2台は残り20分というところでGTDクラスの集団に差し掛かったが、ここでもナッセはブロンクヴィストからのプレッシャーに耐えた。24時間レースの残り5分という段階で、その差は0.5秒だった。
ブロンクヴィストは度々ターン1でナッセに迫るも抜ききれず。最終ラップでバックマーカーが現れたことで形勢がナッセにさらに傾き、そのまま7号車ポルシェがトップチェッカー。キャデラックの31号車は2.112秒差の2位でチェッカーを受けた。
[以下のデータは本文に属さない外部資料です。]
section \<open>Threshold weights\<close>

lemma connected_dominating_set_complete_iff:
  assumes complete: "\<forall>a\<in>V. \<forall>b\<in>V. a \<noteq> b \<longrightarrow> E a b" and SV: "S \<subseteq> V"
  shows "connected_dominating_set V E S \<longleftrightarrow> S \<noteq> {}"
proof
  assume "connected_dominating_set V E S"
  then show "S \<noteq> {}"
    unfolding connected_dominating_set_def connected_on_def by blast
next
  assume "S \<noteq> {}"
  then obtain s where s: "s \<in> S"
    by blast
  have "E x s" if "x \<in> V - S" for x
  proof -
    have "x \<in> V" "s \<in> V" "x \<noteq> s"
      using that s SV by auto
    then show ?thesis
      using complete by blast
  qed
  then have "dominating_set V E S"
    using SV s unfolding dominating_set_def by blast
  moreover have "connected_on S E"
    unfolding connected_on_def
  proof (intro conjI ballI)
    fix x y
    assume xy: "x \<in> S" "y \<in> S"
    show "\<exists>p. walk_in S E p \<and> hd p = x \<and> last p = y"
    proof (cases "x = y")
      case True
      then show ?thesis
        using xy by (intro exI[of _ "[x]"]) simp
    next
      case False
      then have "E x y"
        using xy SV complete by blast
      then show ?thesis
        using xy by (intro exI[of _ "[x, y]"]) (simp add: walk_in_Cons_Cons)
    qed
  qed fact
  ultimately show "connected_dominating_set V E S"
    unfolding connected_dominating_set_def by blast
qed
lemma prob_frontier_beyond_blocks_le:
  fixes a b :: real
  assumes a: "0 \<le> a" "a \<le> 1/2" and b: "0 \<le> b" "b \<le> 1" and \<Delta>: "1 \<le> \<Delta>" "u * \<Delta> < t"
  shows "measure_pmf.prob (spread_path a b n t) {f. b * t + real ((u + 1) * \<Delta>) \<le> real (frontier n f)}
         \<le> u * (2 * exp (- ((1 - b)\<^sup>2 * real \<Delta> ^ 2 / (2 * real t)))) + (1 - a) ^ u"
proof -
  let ?M = "coin_pmf a b t"
  define \<delta> where "\<delta> = (1 - b) * \<Delta> / 2"
  define Far where "Far = (\<lambda>k. {w. \<delta> \<le> \<bar>real (block_tracker \<Delta> t w k) - real (k * \<Delta>) - real (t - k * \<Delta>) * b\<bar>})"
  define Pos_origins where "Pos_origins = {w. inj_on (block_origin \<Delta> t w) {1..u}
      \<and> block_origin \<Delta> t w ` {1..u} \<subseteq> {1..t} \<and> (\<forall>k\<in>{1..u}. created_value w (block_origin \<Delta> t w k) = Pos)}"
  have "{w. b * t + real ((u + 1) * \<Delta>) \<le> real (frontier n (coupled_run n w t))}
      \<subseteq> (\<Union>k\<in>{1..u}. Far k) \<union> Pos_origins"
    using frontier_beyond_blocks[OF b \<Delta>] strict_mono_on_imp_inj_on
    unfolding Far_def Pos_origins_def \<delta>_def by (force simp: not_le)
  then have "measure_pmf.prob (spread_path a b n t) {f. b * t + real ((u + 1) * \<Delta>) \<le> real (frontier n f)}
      \<le> measure_pmf.prob ?M ((\<Union>k\<in>{1..u}. Far k) \<union> Pos_origins)"
    by (simp add: spread_path_eq_coupled_run measure_pmf.finite_measure_mono)
  also have "\<dots> \<le> (\<Sum>k\<in>{1..u}. measure_pmf.prob ?M (Far k)) + measure_pmf.prob ?M Pos_origins"
    by (intro order.trans[OF measure_Un_le] add_mono
        measure_pmf.finite_measure_subadditive_finite) auto
  also have "\<dots> \<le> (\<Sum>k\<in>{1..u}. 2 * exp (-2 * \<delta>\<^sup>2 / t)) + (1 - a) ^ u"
  proof (intro add_mono sum_mono)
    fix k assume k: "k \<in> {1..u}"
    have block: "1 \<le> k * \<Delta>" "k * \<Delta> < t"
      using block_start_bounds[OF k \<Delta>] by auto
    have "measure_pmf.prob ?M (Far k) \<le> 2 * exp (-2 * \<delta>\<^sup>2 / real (t - k * \<Delta>))"
      unfolding Far_def block_tracker_def using b block
      by (intro prob_tracker_deviation_le) (auto simp: \<delta>_def)
    also have "\<dots> \<le> 2 * exp (-2 * \<delta>\<^sup>2 / t)"
    proof -
      have "\<delta>\<^sup>2 / t \<le> \<delta>\<^sup>2 / real (t - k * \<Delta>)"
        using block by (intro divide_left_mono) (auto simp del: of_nat_diff)
      then show ?thesis by simp
    qed
    finally show "measure_pmf.prob ?M (Far k) \<le> 2 * exp (-2 * \<delta>\<^sup>2 / t)" .
  next
    have "measure_pmf.prob ?M Pos_origins \<le> (1 - a) ^ card {1..u}"
      unfolding Pos_origins_def using a
      by (intro prob_created_values_Pos_le)
        (simp_all add: fun_eq_iff block_origin_def block_tracker_def origin_merge_coins tracker_merge_coins)
    then show "measure_pmf.prob ?M Pos_origins \<le> (1 - a) ^ u" by simp
  qed
  also have "(\<Sum>k\<in>{1..u}. 2 * exp (-2 * \<delta>\<^sup>2 / t)) = u * (2 * exp (- ((1 - b)\<^sup>2 * real \<Delta> ^ 2 / (2 * real t))))"
    by (simp add: \<delta>_def power_mult_distrib power_divide)
  finally show ?thesis .
qed

section \<open>Choice of parameters\<close>

lemma exp_tail_sum_le:
  fixes \<mu> c l :: real and u :: nat
  assumes \<mu>: "0 < \<mu>" "\<mu> \<le> c" "\<mu> \<le> l" and u: "1 \<le> u" "24 / \<mu>\<^sup>2 \<le> u"
  shows "u * (2 * exp (- (c * u ^ 2))) + exp (- (l * u)) \<le> exp (- (\<mu> / 4 * (u + 1)))"
proof -
  have "\<mu> * u \<le> c * u" using \<mu> u by (intro mult_right_mono) auto
  also have "\<dots> \<le> c * u ^ 2" using \<mu> u by (intro mult_left_mono) (auto simp: power2_eq_square)
  finally have "exp (- (c * u ^ 2)) \<le> exp (- (\<mu> * u))" by simp
  then have "u * (2 * exp (- (c * u ^ 2))) \<le> u * (2 * exp (- (\<mu> * u)))"
    by (intro mult_left_mono) auto
  moreover have "exp (- (l * u)) \<le> exp (- (\<mu> * u))" using \<mu> u by (simp add: mult_right_mono)
  ultimately have "u * (2 * exp (- (c * u ^ 2))) + exp (- (l * u)) \<le> u * (2 * exp (- (\<mu> * u))) + exp (- (\<mu> * u))"
    by linarith
  also have "\<dots> = (2 * real u + 1) * exp (- (\<mu> * u))" by (simp add: algebra_simps)
  also have "2 * real u + 1 \<le> exp (\<mu> * u / 2)"
  proof -
    have "24 \<le> \<mu>\<^sup>2 * u" using u(2) \<mu> by (simp add: field_simps)
    then have "24 * real u \<le> \<mu>\<^sup>2 * u * u" by (intro mult_right_mono) auto
    moreover have "(\<mu> * u / 2)\<^sup>2 / 2 = \<mu>\<^sup>2 * u * u / 8" by (simp add: power2_eq_square)
    moreover have "0 \<le> \<mu> * u / 2" using \<mu> by simp
    ultimately have "2 * real u + 1 \<le> 1 + \<mu> * u / 2 + (\<mu> * u / 2)\<^sup>2 / 2" by linarith
    also have "\<dots> \<le> exp (\<mu> * u / 2)" by (rule exp_lower_Taylor_quadratic) (use \<mu> in simp)
    finally show ?thesis .
  qed
  then have "(2 * real u + 1) * exp (- (\<mu> * u)) \<le> exp (\<mu> * u / 2) * exp (- (\<mu> * u))"
    by (intro mult_right_mono) auto
  also have "\<dots> = exp (- (\<mu> * u / 2))" by (simp flip: exp_add)
  also have "\<dots> \<le> exp (- (\<mu> / 4 * (u + 1)))" using \<mu> u by (simp add: algebra_simps)
  finally show ?thesis .
qed

lemma block_tail_le_exp:
  fixes a b \<mu> :: real and u t :: nat
  assumes a: "a < 1" and \<mu>: "0 < \<mu>" "\<mu> \<le> (1 - b)\<^sup>2 / 512" "\<mu> \<le> - ln (1 - a)"
    and u: "1 \<le> u" "24 / \<mu>\<^sup>2 \<le> u" and t: "0 < t" "real t < (real u + 1) ^ 8"
  shows "u * (2 * exp (- ((1 - b)\<^sup>2 * real (u ^ 5) ^ 2 / (2 * real t)))) + (1 - a) ^ u
         \<le> exp (- (\<mu> / 4 * (u + 1)))"
proof -
  have "(real u + 1) ^ 8 \<le> (2 * real u) ^ 8" using u by (intro power_mono) auto
  then have "real t \<le> 256 * real u ^ 8" using t by (simp add: power_mult_distrib)
  have "(1 - b)\<^sup>2 / 512 * u ^ 2 = (1 - b)\<^sup>2 * real u ^ 10 / (2 * (256 * real u ^ 8))"
    using u by (simp add: field_simps flip: power_add)
  also have "\<dots> \<le> (1 - b)\<^sup>2 * real u ^ 10 / (2 * real t)"
    using \<open>real t \<le> 256 * real u ^ 8\<close> t u by (intro divide_left_mono) auto
  also have "real u ^ 10 = real (u ^ 5) ^ 2"
    by (simp flip: power_mult)
  finally have "(1 - b)\<^sup>2 / 512 * u ^ 2 \<le> (1 - b)\<^sup>2 * real (u ^ 5) ^ 2 / (2 * real t)" .
  then have "exp (- ((1 - b)\<^sup>2 * real (u ^ 5) ^ 2 / (2 * real t))) \<le> exp (- ((1 - b)\<^sup>2 / 512 * u ^ 2))"
    by simp
  moreover have "(1 - a) ^ u = exp (real u * ln (1 - a))"
    using a by (simp add: exp_of_nat_mult)
  then have "(1 - a) ^ u = exp (- (- ln (1 - a) * u))"
    by (simp add: mult.commute)
  ultimately have "u * (2 * exp (- ((1 - b)\<^sup>2 * real (u ^ 5) ^ 2 / (2 * real t)))) + (1 - a) ^ u
      \<le> u * (2 * exp (- ((1 - b)\<^sup>2 / 512 * u ^ 2))) + exp (- (- ln (1 - a) * u))"
    by (simp add: mult_left_mono)
  also have "\<dots> \<le> exp (- (\<mu> / 4 * (u + 1)))"
    by (rule exp_tail_sum_le[OF \<mu> u])
  finally show ?thesis .
qed
lemma sum_box_cdf_sq_integral_modified_gt:
  "(\<Sum>j\<in>(jitter_index m :: ('n \<Rightarrow> nat) set). box_cdf_sq_integral (jitter_lo m j) (jitter_hi m j))
     < (\<Sum>j\<in>jitter_index m. box_cdf_sq_integral (modified_lo m k1 k2 j) (modified_hi m k1 k2 j))"
proof -
  let ?J = "jitter_index m :: ('n \<Rightarrow> nat) set"
  let ?G = cdf_sq_integral
  define f where "f j = box_cdf_sq_integral (modified_lo m k1 k2 j) (modified_hi m k1 k2 j)
      - box_cdf_sq_integral (jitter_lo m j) (jitter_hi m j)" for j
  have "(\<Sum>j\<in>?J. f j) = (\<Sum>j\<in>?J - corner_block m k1 k2. f j) + (\<Sum>j\<in>corner_block m k1 k2. f j)"
    using corner_block_subset finite_jitter_index by (rule sum.subset_diff)
  also have "(\<Sum>j\<in>?J - corner_block m k1 k2. f j) = 0"
    by (rule sum.neutral) (simp add: f_def modified_lo_simps(5) modified_hi_simps(5))
  also have "(\<Sum>j\<in>corner_block m k1 k2. f j) = f (corner_index k1 k2 1 (m-1)) + f (corner_index k1 k2 1 m)
      + f (corner_index k1 k2 2 m) + f (corner_index k1 k2 2 (m-1))"
    using m2 unfolding corner_block_def by (simp add: corner_index_eq_iff add.assoc)
  also have "\<dots> = ?G 0 (1/m) ^ (CARD('n) - 2) *
       ((?G 0 (4/(3*m)) * ?G (1-2/m) (1-5/(4*m)) + ?G 0 (4/(3*m)) * ?G (1-5/(4*m)) (1-1/(2*m))
        + ?G 0 (2/m) * ?G (1-1/(2*m)) 1 + ?G (4/(3*m)) (2/m) * ?G (1-2/m) (1-1/(2*m)))
       - (?G 0 (1/m) * ?G ((real m-2)/m) ((real m-1)/m) + ?G 0 (1/m) * ?G ((real m-1)/m) (real m/m)
        + ?G (1/m) (2/m) * ?G ((real m-2)/m) ((real m-1)/m) + ?G (1/m) (2/m) * ?G ((real m-1)/m) (real m/m)))"
    unfolding f_def modified_lo_simps modified_hi_simps jitter_lo_corner_index jitter_hi_corner_index
      box_cdf_sq_integral_corner_vec
    using m2 by (simp add: of_nat_diff algebra_simps diff_divide_distrib)
  also have "\<dots> = ?G 0 (1/m) ^ (CARD('n) - 2) * ((3 * real m - 4) / (36 * (real m)\<^sup>2))"
    using m2 by (simp add: cdf_sq_integral_def field_simps power2_eq_square)
  finally have "(\<Sum>j\<in>?J. f j) = ?G 0 (1/m) ^ (CARD('n) - 2) * ((3 * real m - 4) / (36 * (real m)\<^sup>2))"
    by simp
  moreover have "?G 0 (1/m) ^ (CARD('n) - 2) * ((3 * real m - 4) / (36 * (real m)\<^sup>2)) > 0"
    using m2 by (intro mult_pos_pos zero_less_power) (simp_all add: cdf_sq_integral_def field_simps)
  ultimately show ?thesis
    by (simp add: f_def sum_subtractf)
qed
(* Let $T<\infty$ (so $\mathbb{T}=\{0,1,\dots,T\}$), and recall $G_t=\Delta$ on $D_t^c$. Define processes $(V_t)_{t\le T}$ (value process) and $(S_t)_{t\le T}$ (survival process) by backward recursion: $V_T=G_T$, $S_T=1_{D_T}$, and for $t=T-1,\dots,0$, \[ J_t=\frac{E[S_{t+1}V_{t+1}\mid\mathcal{F}_t]}{E[S_{t+1}\mid\mathcal{F}_t]}\quad\text{on } \{t<T_e\}, \] \[ \begin{cases} V_t=G_t,\ S_t=1 & \text{on } \{t<T_e\}\cap\{G_t\ge J_t\},\\ V_t=J_t,\ S_t=E[S_{t+1}\mid\mathcal{F}_t] & \text{on } \{t<T_e\}\cap\{G_t<J_t\},\\ V_t=G_t,\ S_t=1_{D_t} & \text{on } \{t\ge T_e\}. \end{cases} \] Then $\theta_t:=1_{\{G_t\ge V_t\}}$, $t\le T$, is the unique equilibrium with preference for early stopping.
   Context: Let $T\in\mathbb{N}$ and $\mathbb{T}=\{0,1,\dots,T\}$. Let $(\Omega,\mathcal{F},P)$ be a probability space with a filtration $(\mathcal{F}_t)_{t\le T}$, $\mathcal{F}_0$ trivial. Let $\sigma$ be a stopping time with values in $\{0,1,2,\dots\}\cup\{\infty\}$ and $P(\sigma>0)=1$; set $D_t=\{t<\sigma\}$. Let $G=(G_t)_{t\le T}$ be an adapted payoff process; on $D_t^c$ one sets $G_t=\Delta$, an auxiliary symbol with the convention $0\cdot\Delta=0$. Standing assumption: $E[\sup_{t\le T}|G_t|1_{D_t}]<\infty$. For $s,t\in[0,\infty]$ write $s\lhd t$ iff $s<t$ or $t=\infty$. Convention: $\inf\emptyset=\infty$. The effective horizon is the random time $T_e=T\wedge\inf\{0\le t<T: P(D_{t+1}\mid\mathcal{F}_t)=0\}$. A stopping policy is a $\{0,1\}$-valued adapted process $\theta=(\theta_t)_{t\in\mathbb{T}}$, and $\mathcal{L}_t\theta=\inf\{s>t:\theta_s=1\}$. $\theta$ is admissible if $P(\mathcal{L}_t\theta\lhd\sigma\mid\mathcal{F}_t)>0$ on $\{t<T_e\}$ and $\theta_t=1$ on $\{t\ge T_e\}$. For admissible $\theta$, on $\{t<T_e\}$ the continuation value is $J_t(\theta)=E[G_{\mathcal{L}_t\theta}1_{\{\mathcal{L}_t\theta\lhd\sigma\}}\mid\mathcal{F}_t]/P(\mathcal{L}_t\theta\lhd\sigma\mid\mathcal{F}_t)$. Define $\Phi(\theta)_t=1$ on $\{t<T_e, G_t>J_t(\theta)\}$, $\Phi(\theta)_t=\theta_t$ on $\{t<T_e,G_t=J_t(\theta)\}$, $\Phi(\theta)_t=0$ on $\{t<T_e,G_t<J_t(\theta)\}$, $\Phi(\theta)_t=1$ on $\{t\ge T_e\}$. An equilibrium is an admissible $\theta$ with $\Phi(\theta)=\theta$; it is an equilibrium with preference for early stopping if in addition $\theta_t=1$ on $\{t<T_e, G_t=J_t(\theta)\}$ (i.e., $\theta_t=1$ exactly on $\{t\ge T_e\}\cup\{t<T_e,G_t\ge J_t(\theta)\}$). *)

theory Defs
  imports "HOL-Probability.Probability" "HOL-Library.Extended_Nat"
begin

text \<open>Conventions: time horizon T :: nat, time index set {0..T}; sigma :: 'a => enat
  (values in {0,1,2,...} union {infinity}); the payoff G :: nat => 'a => real, where the
  auxiliary symbol Delta is modelled by an arbitrary (junk) real value outside D t.
  Conditional expectations are the library's fixed version real_cond_exp; all equalities
  of random variables and all statements "on an event" are understood almost surely.\<close>

definition lhd :: "enat \<Rightarrow> enat \<Rightarrow> bool" where
  "lhd s t \<longleftrightarrow> s < t \<or> t = \<infinity>"

definition Dset :: "'a measure \<Rightarrow> ('a \<Rightarrow> enat) \<Rightarrow> nat \<Rightarrow> 'a set" where
  "Dset M \<sigma> t = {\<omega> \<in> space M. enat t < \<sigma> \<omega>}"

definition cprob :: "'a measure \<Rightarrow> (nat \<Rightarrow> 'a measure) \<Rightarrow> nat \<Rightarrow> 'a set \<Rightarrow> 'a \<Rightarrow> real" where
  "cprob M F t A = real_cond_exp M (F t) (indicator A)"

definition Te :: "'a measure \<Rightarrow> (nat \<Rightarrow> 'a measure) \<Rightarrow> ('a \<Rightarrow> enat) \<Rightarrow> nat \<Rightarrow> 'a \<Rightarrow> nat" where
  "Te M F \<sigma> T \<omega> =
     (if \<exists>t<T. cprob M F t (Dset M \<sigma> (Suc t)) \<omega> = 0
      then (LEAST t. t < T \<and> cprob M F t (Dset M \<sigma> (Suc t)) \<omega> = 0) else T)"

definition Lop :: "nat \<Rightarrow> (nat \<Rightarrow> 'a \<Rightarrow> bool) \<Rightarrow> nat \<Rightarrow> 'a \<Rightarrow> enat" where
  "Lop T \<theta> t \<omega> =
     (if \<exists>s. t < s \<and> s \<le> T \<and> \<theta> s \<omega> then enat (LEAST s. t < s \<and> s \<le> T \<and> \<theta> s \<omega>) else \<infinity>)"

text \<open>G evaluated at a random time; the value at infinity is irrelevant (it is always
  multiplied by an indicator that vanishes a.s.)\<close>
definition Gat :: "(nat \<Rightarrow> 'a \<Rightarrow> real) \<Rightarrow> enat \<Rightarrow> 'a \<Rightarrow> real" where
  "Gat G L \<omega> = (case L of enat n \<Rightarrow> G n \<omega> | \<infinity> \<Rightarrow> 0)"

definition survive_set :: "'a measure \<Rightarrow> ('a \<Rightarrow> enat) \<Rightarrow> nat \<Rightarrow> (nat \<Rightarrow> 'a \<Rightarrow> bool) \<Rightarrow> nat \<Rightarrow> 'a set" where
  "survive_set M \<sigma> T \<theta> t = {\<omega> \<in> space M. lhd (Lop T \<theta> t \<omega>) (\<sigma> \<omega>)}"

definition Jcont :: "'a measure \<Rightarrow> (nat \<Rightarrow> 'a measure) \<Rightarrow> ('a \<Rightarrow> enat) \<Rightarrow> (nat \<Rightarrow> 'a \<Rightarrow> real)
    \<Rightarrow> nat \<Rightarrow> (nat \<Rightarrow> 'a \<Rightarrow> bool) \<Rightarrow> nat \<Rightarrow> 'a \<Rightarrow> real" where
  "Jcont M F \<sigma> G T \<theta> t \<omega> =
     real_cond_exp M (F t)
       (\<lambda>\<omega>'. Gat G (Lop T \<theta> t \<omega>') \<omega>' * indicator (survive_set M \<sigma> T \<theta> t) \<omega>') \<omega>
     / cprob M F t (survive_set M \<sigma> T \<theta> t) \<omega>"

definition admissible :: "'a measure \<Rightarrow> (nat \<Rightarrow> 'a measure) \<Rightarrow> ('a \<Rightarrow> enat) \<Rightarrow> nat
    \<Rightarrow> (nat \<Rightarrow> 'a \<Rightarrow> bool) \<Rightarrow> bool" where
  "admissible M F \<sigma> T \<theta> \<longleftrightarrow>
     (\<forall>t\<le>T. \<theta> t \<in> measurable (F t) (count_space UNIV)) \<and>
     (\<forall>t\<le>T. AE \<omega> in M. t < Te M F \<sigma> T \<omega> \<longrightarrow> cprob M F t (survive_set M \<sigma> T \<theta> t) \<omega> > 0) \<and>
     (\<forall>t\<le>T. AE \<omega> in M. Te M F \<sigma> T \<omega> \<le> t \<longrightarrow> \<theta> t \<omega>)"

definition Phi :: "'a measure \<Rightarrow> (nat \<Rightarrow> 'a measure) \<Rightarrow> ('a \<Rightarrow> enat) \<Rightarrow> (nat \<Rightarrow> 'a \<Rightarrow> real)
    \<Rightarrow> nat \<Rightarrow> (nat \<Rightarrow> 'a \<Rightarrow> bool) \<Rightarrow> nat \<Rightarrow> 'a \<Rightarrow> bool" where
  "Phi M F \<sigma> G T \<theta> t \<omega> =
     (if t < Te M F \<sigma> T \<omega> then
        (if G t \<omega> > Jcont M F \<sigma> G T \<theta> t \<omega> then True
         else if G t \<omega> = Jcont M F \<sigma> G T \<theta> t \<omega> then \<theta> t \<omega>
         else False)
      else True)"

definition equilibrium :: "'a measure \<Rightarrow> (nat \<Rightarrow> 'a measure) \<Rightarrow> ('a \<Rightarrow> enat) \<Rightarrow> (nat \<Rightarrow> 'a \<Rightarrow> real)
    \<Rightarrow> nat \<Rightarrow> (nat \<Rightarrow> 'a \<Rightarrow> bool) \<Rightarrow> bool" where
  "equilibrium M F \<sigma> G T \<theta> \<longleftrightarrow>
     admissible M F \<sigma> T \<theta> \<and> (\<forall>t\<le>T. AE \<omega> in M. Phi M F \<sigma> G T \<theta> t \<omega> = \<theta> t \<omega>)"

definition equilibrium_early :: "'a measure \<Rightarrow> (nat \<Rightarrow> 'a measure) \<Rightarrow> ('a \<Rightarrow> enat) \<Rightarrow> (nat \<Rightarrow> 'a \<Rightarrow> real)
    \<Rightarrow> nat \<Rightarrow> (nat \<Rightarrow> 'a \<Rightarrow> bool) \<Rightarrow> bool" where
  "equilibrium_early M F \<sigma> G T \<theta> \<longleftrightarrow>
     equilibrium M F \<sigma> G T \<theta> \<and>
     (\<forall>t\<le>T. AE \<omega> in M. t < Te M F \<sigma> T \<omega> \<and> G t \<omega> = Jcont M F \<sigma> G T \<theta> t \<omega> \<longrightarrow> \<theta> t \<omega>)"

text \<open>Backward recursion for (V_t, S_t): VSrec n gives (V_(T-n), S_(T-n)) for n <= T.\<close>
primrec VSrec :: "'a measure \<Rightarrow> (nat \<Rightarrow> 'a measure) \<Rightarrow> ('a \<Rightarrow> enat) \<Rightarrow> (nat \<Rightarrow> 'a \<Rightarrow> real)
    \<Rightarrow> nat \<Rightarrow> nat \<Rightarrow> ('a \<Rightarrow> real) \<times> ('a \<Rightarrow> real)" where
  "VSrec M F \<sigma> G T 0 = (G T, indicator (Dset M \<sigma> T))"
| "VSrec M F \<sigma> G T (Suc n) =
     (let t = T - Suc n; V' = fst (VSrec M F \<sigma> G T n); S' = snd (VSrec M F \<sigma> G T n);
          ES = real_cond_exp M (F t) S';
          J = (\<lambda>\<omega>. real_cond_exp M (F t) (\<lambda>\<omega>'. S' \<omega>' * V' \<omega>') \<omega> / ES \<omega>)
      in ((\<lambda>\<omega>. if t < Te M F \<sigma> T \<omega> then (if G t \<omega> \<ge> J \<omega> then G t \<omega> else J \<omega>) else G t \<omega>),
          (\<lambda>\<omega>. if t < Te M F \<sigma> T \<omega> then (if G t \<omega> \<ge> J \<omega> then 1 else ES \<omega>)
                else indicator (Dset M \<sigma> t) \<omega>)))"

definition Vproc :: "'a measure \<Rightarrow> (nat \<Rightarrow> 'a measure) \<Rightarrow> ('a \<Rightarrow> enat) \<Rightarrow> (nat \<Rightarrow> 'a \<Rightarrow> real)
    \<Rightarrow> nat \<Rightarrow> nat \<Rightarrow> 'a \<Rightarrow> real" where
  "Vproc M F \<sigma> G T t = fst (VSrec M F \<sigma> G T (T - t))"

definition Sproc :: "'a measure \<Rightarrow> (nat \<Rightarrow> 'a measure) \<Rightarrow> ('a \<Rightarrow> enat) \<Rightarrow> (nat \<Rightarrow> 'a \<Rightarrow> real)
    \<Rightarrow> nat \<Rightarrow> nat \<Rightarrow> 'a \<Rightarrow> real" where
  "Sproc M F \<sigma> G T t = snd (VSrec M F \<sigma> G T (T - t))"

end

theory Submission
  imports Defs
begin

(* Let theta stop as soon as G >= V and let tau_t be its first stopping time at or after t.
  Backward induction shows S_t = P(tau_t < sigma | F_t) and
  S_t V_t = E[G_{tau_t} 1{tau_t < sigma} | F_t], with S_t > 0 on D_t and before the effective
  horizon.  By the tower property the continuation value J_t(theta) is then the J_t of the
  recursion, so theta is an equilibrium with preference for early stopping.  Conversely,
  J_t(theta) depends only on theta after t, so any such equilibrium is forced, from T
  downwards, to coincide with theta. *)

lemma set_integral_nonneg_eq_0_iff_AE:
  fixes f :: "'a \<Rightarrow> real"
  assumes "integrable M f" "AE x in M. 0 \<le> f x" "A \<in> sets M"
  shows "(\<integral>x\<in>A. f x \<partial>M) = 0 \<longleftrightarrow> (AE x\<in>A in M. f x = 0)"
proof -
  have "(\<integral>x. indicator A x * f x \<partial>M) = 0 \<longleftrightarrow> (AE x in M. indicator A x * f x = 0)"
    using assms by (intro integral_nonneg_eq_0_iff_AE)
      (auto simp: mult.commute intro: integrable_real_mult_indicator)
  then show ?thesis
    unfolding set_lebesgue_integral_def by (simp add: indicator_def)
qed

context sigma_finite_subalgebra
begin

lemma real_cond_exp_eq_0_on_iff:
  assumes f: "integrable M f" "AE x in M. 0 \<le> f x" and A: "A \<in> sets F"
  shows "(AE x\<in>A in M. real_cond_exp M F f x = 0) \<longleftrightarrow> (AE x\<in>A in M. f x = 0)"
proof -
  have "A \<in> sets M"
    using A subalg by (auto simp: subalgebra_def)
  moreover have "AE x in M. 0 \<le> real_cond_exp M F f x"
    using f by (intro real_cond_exp_pos) auto
  ultimately show ?thesis
    using f real_cond_exp_intA[OF f(1) A]
    by (simp add: set_integral_nonneg_eq_0_iff_AE[symmetric] real_cond_exp_int(1))
qed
GTPクラスの3位はウェイン・テイラー・レーシング with アンドレッティの40号車アキュラARX-06(ルイ・デレトラ、コルトン・ハータ、ジェンソン・バトン、ジョーダン・テイラー組)。レース開始から4時間が経過した時点でパワステのトラブルが発生して大きく後退したものの、フルコースコーションを利用してトップと同一ラップに戻ることができた。今年のデイトナでアキュラは、僚機10号車もトラブルに見舞われた。
なおLMP2クラスでは、18号車エラ・モータースポーツ、4号車クラウドストライク・レーシング by APR、52号車インターユーロポール by PR1マティアセン、74号車ライリー、8号車タワー・モータースポーツの5台によるクラス優勝争いが繰り広げられたが、ライアン・ダルジールとコナー・ジリッシュ、ドワイト・メリマンからバトンを引き継いだ18号車エラのクリスチャン・ラスムッセンが終盤にライバルを引き離して勝利を手にした。
またGTD Proクラスでは、ダニエル・セラ、ダビデ・リゴン、アレッサンドロ・ピエール・グイディ、ジェームス・カラドという強力布陣で挑んだ62号車リジ・コンペティツィオーネのフェラーリ296が優勝した。
プロ・アマカテゴリーとなるGTDクラスでは、57号車ウィンワード・レーシングのメルセデスAMG GT3(フィリップ・エリス、インディ・ドンジェ、ダニエル・モラド、ラッセル・ワード)が優勝。ケイ・コッツォリーノが終盤に猛追を見せた21号車AFコルセのフェラーリ296は2位表彰台を掴んだ。